Inspector of Qing province (青州刺史)
- In office 321 – 322
- Monarch: Emperor Yuan of Jin

Personal details
- Born: 273 Xuzhou, Jiangsu
- Died: c.November 333 Tongguan County, Shaanxi
- Children: Liu Sui
- Parent: Liu Di (father)
- Courtesy name: Dalian (大連)
- Peerage: Marquis of Duxiang (都鄉侯)

= Liu Wei (Jin dynasty) =

Chinese Jin and Later Zhao dynasties official (273-333)

Liu Wei (Note: The character "隗" has two pronunciations: "wěi" and "kuí".) (273 – c.November 333), courtesy name Dalian, was an official of the Jin dynasty (266–420) and the Later Zhao dynasty during the Sixteen Kingdoms period. He was the Director of Justice for the Prince of Langya and future Emperor Yuan of Jin, Sima Rui, who played a pivotal role in his plans to weaken the powerful Wang clan of Langya. In 322, Wang Dun, in retaliation to their attempts to undermine his clan's power, launched a rebellion against Emperor Yuan and specifically denounced Liu Wei for his crimes. After Emperor Yuan's defeat, Liu Wei fled north to Later Zhao, where he became an official and later died in a battle.
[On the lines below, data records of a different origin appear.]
lemma mean_leaves_Suc:
  assumes n: "0 < n"
  shows "mean_leaves (Suc n) = (1 - 6 / real (Suc n)) * mean_leaves n + 3"
proof -
  have "mean_leaves (Suc n) = E_leaves n (\<lambda>L. split_prob n L * real (Suc L) + (1 - split_prob n L) * real L)"
    by (simp add: mean_leaves_def E_leaves_Suc)
  also have "\<dots> = E_leaves n (\<lambda>L. (1 - 6 / real (Suc n)) * real L + 3)"
  proof (intro E_leaves_cong)
    fix L assume L: "L \<in> set_pmf (leaves_pmf n)"
    have "split_prob n L * real (Suc L) + (1 - split_prob n L) * real L = real L + split_prob n L" by (simp add: algebra_simps)
    also have "\<dots> = (1 - 6 / real (Suc n)) * real L + 3" by (simp add: split_prob_eq[OF n L] algebra_simps)
    finally show "split_prob n L * real (Suc L) + (1 - split_prob n L) * real L = (1 - 6 / real (Suc n)) * real L + 3" .
  qed
  also have "\<dots> = (1 - 6 / real (Suc n)) * mean_leaves n + 3"
    by (simp add: E_leaves_add E_leaves_mult E_leaves_const mean_leaves_def)
  finally show ?thesis .
qed

lemma moment2_leaves_Suc:
  assumes n: "0 < n"
  shows "moment2_leaves (Suc n) =
           (1 - 12 / real (Suc n)) * moment2_leaves n + (6 - 6 / real (Suc n)) * mean_leaves n + 3"
proof -
  have "moment2_leaves (Suc n) = E_leaves n (\<lambda>L. split_prob n L * real (Suc L) ^ 2 + (1 - split_prob n L) * real L ^ 2)"
    by (simp add: moment2_leaves_def E_leaves_Suc)
  also have "\<dots> = E_leaves n (\<lambda>L. (1 - 12 / real (Suc n)) * real L ^ 2 + ((6 - 6 / real (Suc n)) * real L + 3))"
  proof (intro E_leaves_cong)
    fix L assume L: "L \<in> set_pmf (leaves_pmf n)"
    have "split_prob n L * real (Suc L) ^ 2 + (1 - split_prob n L) * real L ^ 2 = real L ^ 2 + split_prob n L * (2 * real L + 1)"
      by (simp add: algebra_simps power2_eq_square)
    also have "\<dots> = (1 - 12 / real (Suc n)) * real L ^ 2 + ((6 - 6 / real (Suc n)) * real L + 3)"
      by (simp add: split_prob_eq[OF n L] algebra_simps power2_eq_square add_divide_distrib)
    finally show "split_prob n L * real (Suc L) ^ 2 + (1 - split_prob n L) * real L ^ 2 =
      (1 - 12 / real (Suc n)) * real L ^ 2 + ((6 - 6 / real (Suc n)) * real L + 3)" .
  qed
  also have "\<dots> = (1 - 12 / real (Suc n)) * moment2_leaves n + (6 - 6 / real (Suc n)) * mean_leaves n + 3"
    by (simp add: E_leaves_add E_leaves_mult E_leaves_const mean_leaves_def moment2_leaves_def)
  finally show ?thesis .
qed

text \<open>The factors \<open>1 - 6 / (n + 1)\<close> and \<open>1 - 12 / (n + 1)\<close> vanish at \<open>n = 5\<close> and \<open>n = 11\<close>, so the
  recursions forget their initial values there: this is why the formulas are exact from \<open>n = 6\<close>
  and \<open>n = 12\<close> on.\<close>

lemma mean_leaves_eq: "6 \<le> n \<Longrightarrow> mean_leaves n = 3 * (real n + 1) / 7"
proof (induction n rule: nat_induct_at_least)
  case base
  show ?case using mean_leaves_Suc[of 5] by (simp add: numeral_eq_Suc)
next
  case (Suc n)
  have "mean_leaves (Suc n) = (1 - 6 / (real n + 1)) * (3 * (real n + 1) / 7) + 3" using mean_leaves_Suc[of n] Suc by simp
  also have "\<dots> = 3 * (real (Suc n) + 1) / 7" by (simp add: field_simps)
  finally show ?case .
qed

lemma moment2_leaves_eq:
  "12 \<le> n \<Longrightarrow> moment2_leaves n = (3 * (real n + 1) / 7)^2 + 12 / 637 * (real n + 1)"
proof (induction n rule: nat_induct_at_least)
  case base
  have "mean_leaves 11 = 36 / 7" using mean_leaves_eq[of 11] by simp
  then show ?case using moment2_leaves_Suc[of 11] by (simp add: numeral_eq_Suc)
next
  case (Suc n)
  have m: "mean_leaves n = 3 * (real n + 1) / 7" using mean_leaves_eq Suc by simp
  have "moment2_leaves (Suc n) = (1 - 12 / (real n + 1)) * ((3 * (real n + 1) / 7)^2 + 12 / 637 * (real n + 1))
      + (6 - 6 / (real n + 1)) * (3 * (real n + 1) / 7) + 3" using moment2_leaves_Suc[of n] Suc m by (simp add: add.commute)
  also have "\<dots> = (3 * (real (Suc n) + 1) / 7)^2 + 12 / 637 * (real (Suc n) + 1)"
  proof -
    have "(1 - 12 / x) * ((3 * x / 7)^2 + 12 / 637 * x) + (6 - 6 / x) * (3 * x / 7) + 3 =
       (3 * (x + 1) / 7)^2 + 12 / 637 * (x + 1)" if "x > 0" for x :: real
      using that by (simp add: field_simps power2_eq_square)
    from this[of "real n + 1"] show ?thesis by (simp add: add.commute)
  qed
  finally show ?case .
qed

lemma E_leaves_var:
  "E_leaves n (\<lambda>L. (real L - mean_leaves n)^2) = moment2_leaves n - (mean_leaves n)^2"
proof -
  have "E_leaves n (\<lambda>L. (real L - mean_leaves n)^2) =
        E_leaves n (\<lambda>L. real L ^ 2 + ((- 2 * mean_leaves n) * real L + (mean_leaves n)^2))"
    by (intro E_leaves_cong) (simp add: power2_eq_square algebra_simps)
  also have "\<dots> = moment2_leaves n + ((- 2 * mean_leaves n) * mean_leaves n + (mean_leaves n)^2)"
    by (simp only: E_leaves_add E_leaves_mult E_leaves_const mean_leaves_def moment2_leaves_def)
  finally show ?thesis by (simp add: power2_eq_square)
qed
(* Let $G=(V,E)$ be a connected regular graph and let $p_k(x,y)$ be the $k$-step transition probabilities of simple random walk on $G$. For every $n\ge1$, the kernel $g_n(x,y)=\sum_{2^n-2\le k<2^{n+1}-2}p_k(x,y)$ is symmetric and positive semi-definite (i.e. $\sum_{x,y}f(x)g_n(x,y)f(y)\ge0$ for every finitely supported $f:V\to\mathbb{R}$). Moreover $g_n(x,y)\ge0$, $g_n(x,y)=0$ whenever $d(x,y)>2^{n+1}-2$, and, if $G$ is transient, $\sum_{n\ge1}g_n(x,y)=g(x,y)$, the Green function.
   Context: $p_0(x,y)=1_{x=y}$. $d(x,y)$ is the graph distance. The Green function is $g(x,y)=\sum_{k\ge0}p_k(x,y)$. *)

theory Defs
  imports Complex_Main
begin

definition simple_graph :: "('a \<Rightarrow> 'a \<Rightarrow> bool) \<Rightarrow> bool" where
  "simple_graph E \<longleftrightarrow> (\<forall>x y. E x y \<longrightarrow> E y x) \<and> (\<forall>x. \<not> E x x)"

definition nbrs :: "('a \<Rightarrow> 'a \<Rightarrow> bool) \<Rightarrow> 'a \<Rightarrow> 'a set" where
  "nbrs E x = {y. E x y}"

definition regular_graph :: "('a \<Rightarrow> 'a \<Rightarrow> bool) \<Rightarrow> bool" where
  "regular_graph E \<longleftrightarrow> (\<exists>d::nat. \<forall>x. finite (nbrs E x) \<and> card (nbrs E x) = d)"

definition edge_rel :: "('a \<Rightarrow> 'a \<Rightarrow> bool) \<Rightarrow> ('a \<times> 'a) set" where
  "edge_rel E = {(x, y). E x y}"

definition connected_graph :: "('a \<Rightarrow> 'a \<Rightarrow> bool) \<Rightarrow> bool" where
  "connected_graph E \<longleftrightarrow> (\<forall>x y. (x, y) \<in> (edge_rel E)\<^sup>*)"

definition gdist :: "('a \<Rightarrow> 'a \<Rightarrow> bool) \<Rightarrow> 'a \<Rightarrow> 'a \<Rightarrow> nat" where
  "gdist E x y = (LEAST k. (x, y) \<in> edge_rel E ^^ k)"

fun srw_p :: "('a \<Rightarrow> 'a \<Rightarrow> bool) \<Rightarrow> nat \<Rightarrow> 'a \<Rightarrow> 'a \<Rightarrow> real" where
  "srw_p E 0 x y = (if x = y then 1 else 0)"
| "srw_p E (Suc k) x y = (\<Sum>z\<in>nbrs E x. srw_p E k z y) / real (card (nbrs E x))"

definition green :: "('a \<Rightarrow> 'a \<Rightarrow> bool) \<Rightarrow> 'a \<Rightarrow> 'a \<Rightarrow> real" where
  "green E x y = (\<Sum>k. srw_p E k x y)"

text \<open>Transience: the Green function is finite (expected number of visits finite).\<close>
definition transient :: "('a \<Rightarrow> 'a \<Rightarrow> bool) \<Rightarrow> bool" where
  "transient E \<longleftrightarrow> (\<forall>x y. summable (\<lambda>k. srw_p E k x y))"

definition gblock :: "('a \<Rightarrow> 'a \<Rightarrow> bool) \<Rightarrow> nat \<Rightarrow> 'a \<Rightarrow> 'a \<Rightarrow> real" where
  "gblock E n x y = (\<Sum>k\<in>{2^n - 2 ..< 2^(n+1) - 2}. srw_p E k x y)"

end

theory Submission
  imports Defs
begin

text \<open>The transition operator P of the walk is self-adjoint on a regular graph, and
  p_2j + p_(2j+1) is the kernel of P^j (I + P) P^j. Since the block g_n consists of whole
  such pairs, its quadratic form is a sum of terms <h, (I + P) h> with h = P^j f, and these
  are nonnegative because <h, P h> is an average of h(x) h(z) over the edges xz, which is
  bounded below by -<h, h> since (h(x) + h(z))^2 >= 0. The remaining claims are elementary:
  a walk of length k only reaches vertices at distance at most k, and the blocks
  [2^n - 2, 2^(n+1) - 2) tile the natural numbers.\<close>

lemma srw_p_nonneg: "srw_p E k x y \<ge> 0"
  by (induction k arbitrary: x y) (auto intro!: divide_nonneg_nonneg sum_nonneg)

lemma srw_p_nonzero_relpow: "srw_p E k x y \<noteq> 0 \<Longrightarrow> (x, y) \<in> edge_rel E ^^ k"
proof (induction k arbitrary: x y)
  case 0
  then show ?case by (simp split: if_splits)
next
  case (Suc k)
  then have "(\<Sum>z\<in>nbrs E x. srw_p E k z y) \<noteq> 0" by auto
  then obtain z where "z \<in> nbrs E x" "srw_p E k z y \<noteq> 0"
    by (rule sum.not_neutral_contains_not_neutral)
  then have "(x, z) \<in> edge_rel E" "(z, y) \<in> edge_rel E ^^ k"
    using Suc.IH by (auto simp: nbrs_def edge_rel_def)
  then show ?case by (rule relpow_Suc_I2)
qed

lemma gblock_nonneg: "gblock E n x y \<ge> 0"
  unfolding gblock_def by (rule sum_nonneg) (rule srw_p_nonneg)

lemma gblock_eq_0_if_far:
  assumes "gdist E x y > 2^(n+1) - 2"
  shows "gblock E n x y = 0"
  unfolding gblock_def
proof (rule sum.neutral, rule ballI, rule ccontr)
  fix k assume k: "k \<in> {2^n - 2..<2^(n+1) - 2}" and "srw_p E k x y \<noteq> 0"
  then have "gdist E x y \<le> k"
    unfolding gdist_def by (intro Least_le srw_p_nonzero_relpow)
  with k assms show False by auto
qed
== Early life and career ==
Liu Wei was a native of Pengcheng Commandery from the county of the same name. He was a descendant of Emperor Gaozu of Han's younger brother, the Prince of Chu, Liu Jiao. His father Liu Di (劉砥) worked as the magistrate of Dongguang, while his uncle Liu Na (劉訥) was part of the famous "Twenty Four Friends of Jingu".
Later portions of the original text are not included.